#### [WORK INSTRUCTIONS]
The answer must restate the records below word for word.

#### [RECORDS FOR THIS EXERCISE]
(* Let $m\ge2$ be an integer, $0\le\beta<1$ and $t\in\mathbb{C}\setminus\{0,1\}$. The exponential splines satisfy (i) $\Phi_{m-1}(\beta,t)=\dfrac{(-1)^m}{(m-1)!}G_m\!\left(\dfrac1t,\beta\right)$; (ii) $t(m-1)\Phi_{m-1}(\beta,t)=\big(m-1+\beta(t-1)\big)\Phi_{m-2}(\beta,t)+t(1-t)\Phi_{m-2}'(\beta,t)$, where $'$ denotes differentiation with respect to $t$.
   Context: B-splines: $Q_1=\chi_{[0,1)}$, $Q_{m+1}(x)=\int_{-\infty}^\infty Q_m(x-t)Q_1(t)dt$. Exponential spline of degree $m-1$: $\Phi_{m-1}(\beta,t)=\sum_{k\in\mathbb{Z}}t^kQ_m(\beta-k)$. Polynomials $G_m(t,\beta)$ are defined by $G_1(t,\beta)=-1$ and, for $m\ge2$, $G_m(t,\beta)=[\beta(t-1)-(m-1)t]G_{m-1}(t,\beta)+t(t-1)\frac{\partial}{\partial t}G_{m-1}(t,\beta)$. *)

theory Defs
  imports "HOL-Analysis.Analysis" "HOL-Computational_Algebra.Polynomial"
begin

fun Bspline :: "nat \<Rightarrow> real \<Rightarrow> real" where
  "Bspline 0 x = 0"
| "Bspline (Suc 0) x = indicator {0..<1} x"
| "Bspline (Suc (Suc n)) x =
     integral UNIV (\<lambda>t. Bspline (Suc n) (x - t) * Bspline (Suc 0) t)"

definition expspline :: "nat \<Rightarrow> real \<Rightarrow> complex \<Rightarrow> complex" where
  "expspline n \<beta> t = (\<Sum>\<^sub>\<infinity>k\<in>(UNIV::int set). t powi k * complex_of_real (Bspline (Suc n) (\<beta> - of_int k)))"

fun Gpoly :: "nat \<Rightarrow> real \<Rightarrow> complex poly" where
  "Gpoly 0 \<beta> = 0"
| "Gpoly (Suc 0) \<beta> = [:-1:]"
| "Gpoly (Suc (Suc n)) \<beta> =
     [: - complex_of_real \<beta>, complex_of_real \<beta> - of_nat (Suc n) :] * Gpoly (Suc n) \<beta>
     + [:0, -1, 1:] * pderiv (Gpoly (Suc n) \<beta>)"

#### [OUTPUT OF THE TASK]
(* Let $m\ge2$ be an integer, $0\le\beta<1$ and $t\in\mathbb{C}\setminus\{0,1\}$. The exponential splines satisfy (i) $\Phi_{m-1}(\beta,t)=\dfrac{(-1)^m}{(m-1)!}G_m\!\left(\dfrac1t,\beta\right)$; (ii) $t(m-1)\Phi_{m-1}(\beta,t)=\big(m-1+\beta(t-1)\big)\Phi_{m-2}(\beta,t)+t(1-t)\Phi_{m-2}'(\beta,t)$, where $'$ denotes differentiation with respect to $t$.
   Context: B-splines: $Q_1=\chi_{[0,1)}$, $Q_{m+1}(x)=\int_{-\infty}^\infty Q_m(x-t)Q_1(t)dt$. Exponential spline of degree $m-1$: $\Phi_{m-1}(\beta,t)=\sum_{k\in\mathbb{Z}}t^kQ_m(\beta-k)$. Polynomials $G_m(t,\beta)$ are defined by $G_1(t,\beta)=-1$ and, for $m\ge2$, $G_m(t,\beta)=[\beta(t-1)-(m-1)t]G_{m-1}(t,\beta)+t(t-1)\frac{\partial}{\partial t}G_{m-1}(t,\beta)$. *)

theory Defs
  imports "HOL-Analysis.Analysis" "HOL-Computational_Algebra.Polynomial"
begin

fun Bspline :: "nat \<Rightarrow> real \<Rightarrow> real" where
  "Bspline 0 x = 0"
| "Bspline (Suc 0) x = indicator {0..<1} x"
| "Bspline (Suc (Suc n)) x =
     integral UNIV (\<lambda>t. Bspline (Suc n) (x - t) * Bspline (Suc 0) t)"

definition expspline :: "nat \<Rightarrow> real \<Rightarrow> complex \<Rightarrow> complex" where
  "expspline n \<beta> t = (\<Sum>\<^sub>\<infinity>k\<in>(UNIV::int set). t powi k * complex_of_real (Bspline (Suc n) (\<beta> - of_int k)))"

fun Gpoly :: "nat \<Rightarrow> real \<Rightarrow> complex poly" where
  "Gpoly 0 \<beta> = 0"
| "Gpoly (Suc 0) \<beta> = [:-1:]"
| "Gpoly (Suc (Suc n)) \<beta> =
     [: - complex_of_real \<beta>, complex_of_real \<beta> - of_nat (Suc n) :] * Gpoly (Suc n) \<beta>
     + [:0, -1, 1:] * pderiv (Gpoly (Suc n) \<beta>)"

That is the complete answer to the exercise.